The first six columns
contain the original price data. Columns H - K convert the price data into price
changes by subtracting the close of the previous bar. For example, the open
becomes the open minus the previous close. The high becomes the high minus the
previous close, and so on. It's necessary to work with price changes rather than
absolute prices in order to preserve the price changes from bar to bar.
After calculating all the
price changes, the next step is to randomize the order of the price changes.
This is a little different from the method proposed by Chande who describes
using random sampling with replacement. In sampling with replacement, you would
randomly select rows from the price change columns and use those to construct
the new prices. In sampling with replacement, you might select the same row more
than once. Randomizing the order of the price changes is random sampling
without replacement. This means we randomly sample from the price changes,
but we select each row exactly once.
To do this in the
spreadsheet, we copy the columns containing the price changes (H - K) and paste
the values into new columns (N - Q); see Fig. 2 below. The important point is
that we paste the values only -- not the formulas. We then add an additional
column (M) to the left of the copied columns to contain random numbers.
Figure 2. Continuation of spreadsheet from Fig. 1. Price changes (H - K) are
copied (values only) to columns N - Q and used to create synthetic prices (S -
V).
Random numbers can be
produced in Excel using the Rand() function. Now that we have the price changes
and the column of random numbers, we select the four columns of price changes
plus the column of random numbers (M - Q) and sort the columns (Sort command,
Data menu) by the column of random numbers (M). This will randomize the order of
the price changes. Notice that we sort the columns of price changes together, so
the data for each bar stay together.
Finally, the synthetic
prices are generated by adding the price changes back to the closing prices. For
example, the Open - Close price change is added to the prior close to create the
synthetic open price. We start with a reference closing price, which is used for
the first row. In Fig. 2, the reference closing price is 1131.75, which appears
by itself at the top of the "Synthetic Prices" section in column V. Subsequent
rows are created by adding the price changes in that row to the closing price
for the prior row. In this way, each price bar is relative to the previous bar's
close.
As an example of the type of
price data this produces, consider Figs. 3 - 6. Fig. 3 is price plot of the
original data. Figs. 4 - 6 contain three different sets of synthetic prices
generated by randomizing the price changes of the original data as described
above.
Figure 3. Original price data.
Figure 4. Synthetic
prices generated from the data in Fig. 3.
Figure 5. Synthetic prices generated from the data in Fig. 3.
Figure 6.
Synthetic prices generated from the data in Fig. 3.
The spreadsheet that
performs these calculations is located on the
Free Downloads page on my web site.
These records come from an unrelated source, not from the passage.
(* Let $(A,\mu,\alpha,\beta)$ be a BiHom-commutative algebra (with $\mu(a\otimes b)=a\cdot b$). Let $p$ and $r$ be natural numbers and let $D:A\to A$ be a linear map commuting with $\alpha$ and $\beta$ such that $D(a\cdot b)=\beta^r(a)\cdot D(b)+D(a)\cdot\beta^r(b)$ for all $a,b\in A$. Define $a\ast b=\alpha^p(a)\cdot D(b)$. Then $(A,\ast,\alpha^{p+1},\beta^{r+1})$ is a BiHom-Novikov algebra.
   Context: Work over a field. A BiHom-associative algebra is a 4-tuple $(A,\mu,\alpha,\beta)$ with $\alpha,\beta$ commuting linear maps, multiplicative for $\mu$, and $\alpha(x)\cdot(y\cdot z)=(x\cdot y)\cdot\beta(z)$; it is BiHom-commutative if $\beta(a)\cdot\alpha(b)=\beta(b)\cdot\alpha(a)$ for all $a,b$. A BiHom-Novikov algebra is a 4-tuple $(A,\ast,\alpha',\beta')$ with commuting linear maps $\alpha',\beta'$ multiplicative for $\ast$ such that for all $x,y,z$: $(\beta'(x)\ast\alpha'(y))\ast\beta'(z)-\alpha'\beta'(x)\ast(\alpha'(y)\ast z)=(\beta'(y)\ast\alpha'(x))\ast\beta'(z)-\alpha'\beta'(y)\ast(\alpha'(x)\ast z)$ and $(x\ast\beta'(y))\ast\alpha'\beta'(z)=(x\ast\beta'(z))\ast\alpha'\beta'(y)$. *)

theory Defs
  imports Main "HOL.Vector_Spaces"
begin

definition bilinear_map :: "('k::field \<Rightarrow> 'v::ab_group_add \<Rightarrow> 'v) \<Rightarrow> ('v \<Rightarrow> 'v \<Rightarrow> 'v) \<Rightarrow> bool" where
  "bilinear_map scale mu \<longleftrightarrow>
     (\<forall>x. Vector_Spaces.linear scale scale (mu x)) \<and>
     (\<forall>y. Vector_Spaces.linear scale scale (\<lambda>x. mu x y))"

definition bihom_associative_algebra ::
  "('k::field \<Rightarrow> 'v::ab_group_add \<Rightarrow> 'v) \<Rightarrow> ('v \<Rightarrow> 'v \<Rightarrow> 'v) \<Rightarrow> ('v \<Rightarrow> 'v) \<Rightarrow> ('v \<Rightarrow> 'v) \<Rightarrow> bool" where
  "bihom_associative_algebra scale mu alpha beta \<longleftrightarrow>
     vector_space scale \<and> bilinear_map scale mu \<and>
     Vector_Spaces.linear scale scale alpha \<and> Vector_Spaces.linear scale scale beta \<and>
     alpha \<circ> beta = beta \<circ> alpha \<and>
     (\<forall>x y. alpha (mu x y) = mu (alpha x) (alpha y)) \<and>
     (\<forall>x y. beta (mu x y) = mu (beta x) (beta y)) \<and>
     (\<forall>x y z. mu (alpha x) (mu y z) = mu (mu x y) (beta z))"

definition bihom_commutative_algebra ::
  "('k::field \<Rightarrow> 'v::ab_group_add \<Rightarrow> 'v) \<Rightarrow> ('v \<Rightarrow> 'v \<Rightarrow> 'v) \<Rightarrow> ('v \<Rightarrow> 'v) \<Rightarrow> ('v \<Rightarrow> 'v) \<Rightarrow> bool" where
  "bihom_commutative_algebra scale mu alpha beta \<longleftrightarrow>
     bihom_associative_algebra scale mu alpha beta \<and>
     (\<forall>a b. mu (beta a) (alpha b) = mu (beta b) (alpha a))"

definition bihom_novikov_algebra ::
  "('k::field \<Rightarrow> 'v::ab_group_add \<Rightarrow> 'v) \<Rightarrow> ('v \<Rightarrow> 'v \<Rightarrow> 'v) \<Rightarrow> ('v \<Rightarrow> 'v) \<Rightarrow> ('v \<Rightarrow> 'v) \<Rightarrow> bool" where
  "bihom_novikov_algebra scale m al be \<longleftrightarrow>
     vector_space scale \<and> bilinear_map scale m \<and>
     Vector_Spaces.linear scale scale al \<and> Vector_Spaces.linear scale scale be \<and>
     al \<circ> be = be \<circ> al \<and>
     (\<forall>x y. al (m x y) = m (al x) (al y)) \<and>
     (\<forall>x y. be (m x y) = m (be x) (be y)) \<and>
     (\<forall>x y z. m (m (be x) (al y)) (be z) - m (al (be x)) (m (al y) z)
             = m (m (be y) (al x)) (be z) - m (al (be y)) (m (al x) z)) \<and>
     (\<forall>x y z. m (m x (be y)) (al (be z)) = m (m x (be z)) (al (be y)))"

end

theory Submission
  imports Defs
begin

text \<open>With \<open>a \<ast> b = \<alpha>\<^sup>p(a) D(b)\<close>, every term of the two Novikov identities can be brought to
  the shape of a product in \<open>A\<close> whose factors are images of the arguments under powers of
  \<open>\<alpha>\<close>, \<open>\<beta>\<close> and \<open>D\<close>. BiHom-associativity and BiHom-commutativity give the twisted
  right and left commutativity laws \<open>(x \<beta>y) \<beta>\<alpha>z = (x \<beta>z) \<beta>\<alpha>y\<close> and
  \<open>\<alpha>\<beta>x (\<alpha>y z) = \<alpha>\<beta>y (\<alpha>x z)\<close>. The second identity is an instance of the first law. In
  the first identity, expanding \<open>D\<close> of a product with the Leibniz rule produces a term that
  cancels the first summand once it is rewritten by BiHom-associativity; what remains is an
  instance of the second law.\<close>

lemma linear_funpow:
  assumes "vector_space s" and "Vector_Spaces.linear s s f"
  shows "Vector_Spaces.linear s s (f ^^ n)"
proof (induction n)
  case 0
  show ?case using assms(1) by (simp add: linear_iff)
next
  case (Suc n)
  then show ?case using assms(2) by (simp add: linear_iff)
qed

lemma funpow_commute_apply:
  assumes "\<And>x. f (g x) = g (f x)"
  shows "(f ^^ n) (g x) = g ((f ^^ n) x)"
  by (induction n) (simp_all add: assms)

lemma funpow_funpow_commute_apply:
  assumes "\<And>x. f (g x) = g (f x)"
  shows "(f ^^ n) ((g ^^ m) x) = (g ^^ m) ((f ^^ n) x)"
  by (metis assms funpow_commute_apply)

lemma funpow_hom_apply:
  assumes "\<And>x y. f (mu x y) = mu (f x) (f y)"
  shows "(f ^^ n) (mu x y) = mu ((f ^^ n) x) ((f ^^ n) y)"
  by (induction n) (simp_all add: assms)

lemma bilinear_map_compose:
  assumes "bilinear_map s mu" and "Vector_Spaces.linear s s f" and "Vector_Spaces.linear s s g"
  shows "bilinear_map s (\<lambda>a b. mu (f a) (g b))"
  using assms Vector_Spaces.linear_compose[of s s g s "mu _"]
    Vector_Spaces.linear_compose[of s s f s "\<lambda>x. mu x _"]
  unfolding bilinear_map_def by (simp add: o_def)

locale bihom_commutative =
  fixes scale :: "'k::field \<Rightarrow> 'v::ab_group_add \<Rightarrow> 'v"
    and mu :: "'v \<Rightarrow> 'v \<Rightarrow> 'v"
    and alpha beta :: "'v \<Rightarrow> 'v"
  assumes bihom_commutative: "bihom_commutative_algebra scale mu alpha beta"
begin

lemma vector_space: "vector_space scale"
  and bilinear: "bilinear_map scale mu"
  and linear_alpha: "Vector_Spaces.linear scale scale alpha"
  and linear_beta: "Vector_Spaces.linear scale scale beta"
  and alpha_beta: "alpha (beta x) = beta (alpha x)"
  and alpha_mu: "alpha (mu x y) = mu (alpha x) (alpha y)"
  and beta_mu: "beta (mu x y) = mu (beta x) (beta y)"
  and assoc: "mu (alpha x) (mu y z) = mu (mu x y) (beta z)"
  and comm: "mu (beta a) (alpha b) = mu (beta b) (alpha a)"
  using bihom_commutative
  unfolding bihom_commutative_algebra_def bihom_associative_algebra_def
  by (auto simp: fun_eq_iff)

lemma mu_add_right: "mu a (b + c) = mu a b + mu a c"
  using bilinear unfolding bilinear_map_def linear_iff by blast

lemma mu_right_commute: "mu (mu x (beta y)) (beta (alpha z)) = mu (mu x (beta z)) (beta (alpha y))"
proof -
  have "mu (mu x (beta y)) (beta (alpha z)) = mu (alpha x) (mu (beta y) (alpha z))"
    by (rule assoc[symmetric])
  also have "\<dots> = mu (alpha x) (mu (beta z) (alpha y))"
    by (simp only: comm)
  finally show ?thesis
    by (simp only: assoc)
qed

lemma mu_left_commute: "mu (alpha (beta x)) (mu (alpha y) z) = mu (alpha (beta y)) (mu (alpha x) z)"
proof -
  have "mu (alpha (beta x)) (mu (alpha y) z) = mu (mu (beta x) (alpha y)) (beta z)"
    by (rule assoc)
  also have "\<dots> = mu (mu (beta y) (alpha x)) (beta z)"
    by (simp only: comm)
  finally show ?thesis
    by (simp only: assoc)
qed

lemma alpha_pow_beta_pow: "(alpha ^^ n) ((beta ^^ m) x) = (beta ^^ m) ((alpha ^^ n) x)"
  by (rule funpow_funpow_commute_apply) (rule alpha_beta)

lemma alpha_pow_mu: "(alpha ^^ n) (mu x y) = mu ((alpha ^^ n) x) ((alpha ^^ n) y)"
  and beta_pow_mu: "(beta ^^ n) (mu x y) = mu ((beta ^^ n) x) ((beta ^^ n) y)"
  using funpow_hom_apply[of alpha mu] funpow_hom_apply[of beta mu] alpha_mu beta_mu by blast+

lemma alpha_pow_alpha_pow: "(alpha ^^ n) ((alpha ^^ m) x) = (alpha ^^ m) ((alpha ^^ n) x)"
  by (rule funpow_funpow_commute_apply) (rule refl)

lemma alpha_pow_beta: "(alpha ^^ n) (beta x) = beta ((alpha ^^ n) x)"
  and alpha_beta_pow: "alpha ((beta ^^ m) x) = (beta ^^ m) (alpha x)"
  using alpha_pow_beta_pow[of n 1] alpha_pow_beta_pow[of 1 m] by simp_all

end

locale bihom_commutative_derivation = bihom_commutative +
  fixes D :: "'v::ab_group_add \<Rightarrow> 'v"
    and r :: nat
  assumes linear_D: "Vector_Spaces.linear scale scale D"
    and D_comp_alpha: "D \<circ> alpha = alpha \<circ> D" and D_comp_beta: "D \<circ> beta = beta \<circ> D"
    and D_mu: "\<forall>a b. D (mu a b) = mu ((beta ^^ r) a) (D b) + mu (D a) ((beta ^^ r) b)"
begin

lemma D_alpha_pow: "D ((alpha ^^ n) x) = (alpha ^^ n) (D x)"
  and D_beta_pow: "D ((beta ^^ n) x) = (beta ^^ n) (D x)"
  using D_comp_alpha D_comp_beta
  by (auto intro!: funpow_commute_apply[symmetric] simp: fun_eq_iff)

lemma D_alpha: "D (alpha x) = alpha (D x)"
  and D_beta: "D (beta x) = beta (D x)"
  using D_alpha_pow[of 1] D_beta_pow[of 1] by simp_all

lemmas normalize = alpha_mu beta_mu alpha_pow_mu beta_pow_mu D_alpha D_beta D_alpha_pow D_beta_pow
  alpha_beta alpha_pow_beta alpha_beta_pow alpha_pow_beta_pow funpow_swap1[symmetric] alpha_pow_alpha_pow

definition novikov_mult :: "nat \<Rightarrow> 'v \<Rightarrow> 'v \<Rightarrow> 'v" where
  "novikov_mult p a b = mu ((alpha ^^ p) a) (D b)"

lemma bilinear_novikov_mult: "bilinear_map scale (novikov_mult p)"
  unfolding novikov_mult_def[abs_def]
  by (rule bilinear_map_compose[OF bilinear linear_funpow[OF vector_space linear_alpha] linear_D])

lemma alpha_pow_novikov_mult:
  "(alpha ^^ n) (novikov_mult p a b) = novikov_mult p ((alpha ^^ n) a) ((alpha ^^ n) b)"
  by (simp add: novikov_mult_def alpha_pow_mu D_alpha_pow alpha_pow_alpha_pow)

lemma beta_pow_novikov_mult:
  "(beta ^^ n) (novikov_mult p a b) = novikov_mult p ((beta ^^ n) a) ((beta ^^ n) b)"
  by (simp add: novikov_mult_def beta_pow_mu D_beta_pow alpha_pow_beta_pow)

lemma novikov_mult_right_commute:
  "novikov_mult p (novikov_mult p x ((beta ^^ (r + 1)) y)) ((alpha ^^ (p + 1)) ((beta ^^ (r + 1)) z))
   = novikov_mult p (novikov_mult p x ((beta ^^ (r + 1)) z)) ((alpha ^^ (p + 1)) ((beta ^^ (r + 1)) y))"
  (is "?L y z = ?L z y")
proof -
  define T where "T w = (alpha ^^ p) ((beta ^^ r) (D w))" for w
  have "?L y z = mu (mu ((alpha ^^ p) ((alpha ^^ p) x)) (beta (T y))) (beta (alpha (T z)))" for y z
    by (simp add: novikov_mult_def T_def normalize)
  then show ?thesis
    by (simp only: mu_right_commute)
qed

lemma novikov_mult_left_symmetric:
  "novikov_mult p (novikov_mult p ((beta ^^ (r + 1)) x) ((alpha ^^ (p + 1)) y)) ((beta ^^ (r + 1)) z)
     - novikov_mult p ((alpha ^^ (p + 1)) ((beta ^^ (r + 1)) x))
         (novikov_mult p ((alpha ^^ (p + 1)) y) z)
   = novikov_mult p (novikov_mult p ((beta ^^ (r + 1)) y) ((alpha ^^ (p + 1)) x)) ((beta ^^ (r + 1)) z)
     - novikov_mult p ((alpha ^^ (p + 1)) ((beta ^^ (r + 1)) y))
         (novikov_mult p ((alpha ^^ (p + 1)) x) z)"
  (is "?A x y - ?B x y = ?A y x - ?B y x")
proof -
  define S where "S w = (alpha ^^ p) ((alpha ^^ p) ((beta ^^ r) w))" for w
  define T where "T w = (alpha ^^ p) ((alpha ^^ p) (D w))" for w
  have "?A x y - ?B x y = - mu (alpha (beta (S x))) (mu (alpha (S y)) (D (D z)))" for x y
  proof -
    have "?A x y = mu (mu (beta (S x)) (alpha (T y))) (beta ((beta ^^ r) (D z)))"
      by (simp add: novikov_mult_def S_def T_def normalize)
    also have "\<dots> = mu (alpha (beta (S x))) (mu (alpha (T y)) ((beta ^^ r) (D z)))"
      by (rule assoc[symmetric])
    moreover have "?B x y = mu (alpha (beta (S x))) (mu (alpha (S y)) (D (D z)))
        + mu (alpha (beta (S x))) (mu (alpha (T y)) ((beta ^^ r) (D z)))"
      by (simp add: novikov_mult_def S_def T_def normalize D_mu mu_add_right)
    ultimately show ?thesis
      by simp
  qed
  then show ?thesis
    by (simp only: mu_left_commute)
qed

theorem bihom_novikov_algebra_novikov_mult:
  "bihom_novikov_algebra scale (novikov_mult p) (alpha ^^ (p + 1)) (beta ^^ (r + 1))"
  unfolding bihom_novikov_algebra_def
  by (intro conjI allI vector_space bilinear_novikov_mult linear_funpow linear_alpha linear_beta
      alpha_pow_novikov_mult beta_pow_novikov_mult novikov_mult_right_commute
      novikov_mult_left_symmetric)
    (simp only: fun_eq_iff comp_apply alpha_pow_beta_pow simp_thms)

end

theorem corollary2p8:
  fixes scale :: "'k::field \<Rightarrow> 'v::ab_group_add \<Rightarrow> 'v"
    and mu :: "'v \<Rightarrow> 'v \<Rightarrow> 'v"
    and alpha beta D :: "'v \<Rightarrow> 'v"
    and p r :: nat
  assumes "bihom_commutative_algebra scale mu alpha beta"
    and "Vector_Spaces.linear scale scale D"
    and "D \<circ> alpha = alpha \<circ> D" and "D \<circ> beta = beta \<circ> D"
    and "\<forall>a b. D (mu a b) = mu ((beta ^^ r) a) (D b) + mu (D a) ((beta ^^ r) b)"
  shows "bihom_novikov_algebra scale (\<lambda>a b. mu ((alpha ^^ p) a) (D b))
           (alpha ^^ (p + 1)) (beta ^^ (r + 1))"
proof -
  interpret bihom_commutative_derivation scale mu alpha beta D r
    using assms by (intro bihom_commutative_derivation.intro bihom_commutative.intro
        bihom_commutative_derivation_axioms.intro)
  show ?thesis
    using bihom_novikov_algebra_novikov_mult[of p] unfolding novikov_mult_def[abs_def] .
qed

end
To use the spreadsheet,
follow the instructions in the comment near the top of the spreadsheet in cell
D1, which contains "Read ->". Basically, all you need to do is copy your own
price data over the data in the spreadsheet, then copy the price change columns
to the columns labeled "Price Changes -- Copied Values." Make sure to copy the
values only. Fill down as needed or delete rows if your data require more or
fewer rows than the data already in the spreadsheet. Then select the copied
price change columns and the column of random numbers (M - Q) and sort
everything by the column of random numbers (M). To recreate a valid file or
price data, copy the synthetic prices (S - V) back into your original file of
data next the date/time columns. This will produce a file of synthetic prices
with valid dates/times.
A few points about this
approach are worth discussing. First, this method preserves not only the price
changes but the price relationships within each bar. It's basically randomizing
the order of the bars but keeping each bar the same. The only price
characteristic that's being altered is the ordering of the bars. The advantage
of this approach is that it preserves quite a lot of information about the price
series while generating different price formations in the new, synthetic series.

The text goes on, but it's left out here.